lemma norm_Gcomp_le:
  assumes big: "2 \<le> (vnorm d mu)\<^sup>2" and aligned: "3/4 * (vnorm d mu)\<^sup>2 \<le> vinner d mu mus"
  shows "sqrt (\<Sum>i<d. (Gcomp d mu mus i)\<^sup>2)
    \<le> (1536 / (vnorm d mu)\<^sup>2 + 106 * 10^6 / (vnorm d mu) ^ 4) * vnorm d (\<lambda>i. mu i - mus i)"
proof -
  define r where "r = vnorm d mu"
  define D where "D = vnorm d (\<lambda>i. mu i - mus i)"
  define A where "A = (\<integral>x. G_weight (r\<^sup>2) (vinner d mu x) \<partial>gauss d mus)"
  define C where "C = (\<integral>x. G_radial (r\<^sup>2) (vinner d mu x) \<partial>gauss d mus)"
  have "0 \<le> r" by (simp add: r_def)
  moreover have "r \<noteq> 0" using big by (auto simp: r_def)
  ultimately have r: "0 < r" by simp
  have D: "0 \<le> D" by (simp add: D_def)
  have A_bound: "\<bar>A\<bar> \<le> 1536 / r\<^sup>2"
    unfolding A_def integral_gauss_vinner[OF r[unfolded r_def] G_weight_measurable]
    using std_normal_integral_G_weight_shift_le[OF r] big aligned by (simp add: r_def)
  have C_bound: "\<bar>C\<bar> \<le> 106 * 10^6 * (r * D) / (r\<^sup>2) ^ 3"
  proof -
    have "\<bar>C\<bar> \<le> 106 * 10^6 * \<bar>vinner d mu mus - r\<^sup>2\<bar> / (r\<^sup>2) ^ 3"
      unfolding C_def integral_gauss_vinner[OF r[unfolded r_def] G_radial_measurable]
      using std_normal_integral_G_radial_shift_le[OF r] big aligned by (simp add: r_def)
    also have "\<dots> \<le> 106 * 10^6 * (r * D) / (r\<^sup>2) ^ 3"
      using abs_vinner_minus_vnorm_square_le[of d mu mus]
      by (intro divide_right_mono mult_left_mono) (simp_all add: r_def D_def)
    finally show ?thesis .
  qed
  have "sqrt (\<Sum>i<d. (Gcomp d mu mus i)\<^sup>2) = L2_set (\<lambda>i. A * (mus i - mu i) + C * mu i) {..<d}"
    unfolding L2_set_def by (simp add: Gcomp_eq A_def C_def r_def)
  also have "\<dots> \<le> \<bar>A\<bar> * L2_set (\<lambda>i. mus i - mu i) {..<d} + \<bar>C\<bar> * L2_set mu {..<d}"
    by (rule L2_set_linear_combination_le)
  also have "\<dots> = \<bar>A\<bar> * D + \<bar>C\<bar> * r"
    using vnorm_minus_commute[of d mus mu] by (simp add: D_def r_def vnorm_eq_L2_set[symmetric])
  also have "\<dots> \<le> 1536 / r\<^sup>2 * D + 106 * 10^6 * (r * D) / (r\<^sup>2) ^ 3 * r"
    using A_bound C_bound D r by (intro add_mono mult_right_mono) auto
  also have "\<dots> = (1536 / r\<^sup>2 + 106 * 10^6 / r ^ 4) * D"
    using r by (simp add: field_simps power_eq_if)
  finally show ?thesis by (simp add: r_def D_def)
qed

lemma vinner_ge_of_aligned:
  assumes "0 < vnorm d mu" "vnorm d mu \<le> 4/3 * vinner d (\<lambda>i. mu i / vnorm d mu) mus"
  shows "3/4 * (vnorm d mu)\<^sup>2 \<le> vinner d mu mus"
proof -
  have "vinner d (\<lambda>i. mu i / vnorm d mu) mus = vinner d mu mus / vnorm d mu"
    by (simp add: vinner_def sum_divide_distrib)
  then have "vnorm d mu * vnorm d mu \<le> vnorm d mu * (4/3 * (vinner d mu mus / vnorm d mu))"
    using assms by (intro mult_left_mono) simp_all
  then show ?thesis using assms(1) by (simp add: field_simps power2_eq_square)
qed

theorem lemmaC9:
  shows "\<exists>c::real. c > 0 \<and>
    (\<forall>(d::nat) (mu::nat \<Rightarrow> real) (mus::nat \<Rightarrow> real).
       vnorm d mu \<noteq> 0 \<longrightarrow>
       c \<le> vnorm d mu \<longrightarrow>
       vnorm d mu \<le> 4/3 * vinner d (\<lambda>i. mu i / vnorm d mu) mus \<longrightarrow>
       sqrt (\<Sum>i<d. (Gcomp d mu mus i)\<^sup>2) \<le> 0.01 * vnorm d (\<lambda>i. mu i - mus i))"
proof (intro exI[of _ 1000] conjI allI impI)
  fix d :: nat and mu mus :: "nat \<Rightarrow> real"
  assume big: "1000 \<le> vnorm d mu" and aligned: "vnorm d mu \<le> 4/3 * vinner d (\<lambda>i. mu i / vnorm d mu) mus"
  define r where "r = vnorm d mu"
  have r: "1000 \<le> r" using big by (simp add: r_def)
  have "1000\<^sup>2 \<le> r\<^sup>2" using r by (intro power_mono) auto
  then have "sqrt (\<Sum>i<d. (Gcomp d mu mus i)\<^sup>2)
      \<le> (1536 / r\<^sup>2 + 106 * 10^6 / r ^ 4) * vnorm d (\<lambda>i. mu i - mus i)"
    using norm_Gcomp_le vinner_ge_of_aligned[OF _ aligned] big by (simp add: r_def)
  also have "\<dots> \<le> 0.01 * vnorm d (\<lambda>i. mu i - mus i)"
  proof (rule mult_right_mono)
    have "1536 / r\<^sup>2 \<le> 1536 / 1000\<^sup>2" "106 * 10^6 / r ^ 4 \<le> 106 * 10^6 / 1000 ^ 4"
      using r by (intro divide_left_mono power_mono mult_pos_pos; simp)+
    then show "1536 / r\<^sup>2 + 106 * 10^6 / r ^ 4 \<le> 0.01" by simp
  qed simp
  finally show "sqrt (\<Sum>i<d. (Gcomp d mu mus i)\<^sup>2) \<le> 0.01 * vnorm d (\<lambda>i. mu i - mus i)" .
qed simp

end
* * *
### Task requirements
What lines above contain the string "finally"? Copy all of them.

### Written answer
    finally show ?thesis .
  finally show ?thesis by (simp add: r_def D_def)
  finally show "sqrt (\<Sum>i<d. (Gcomp d mu mus i)\<^sup>2) \<le> 0.01 * vnorm d (\<lambda>i. mu i - mus i)" .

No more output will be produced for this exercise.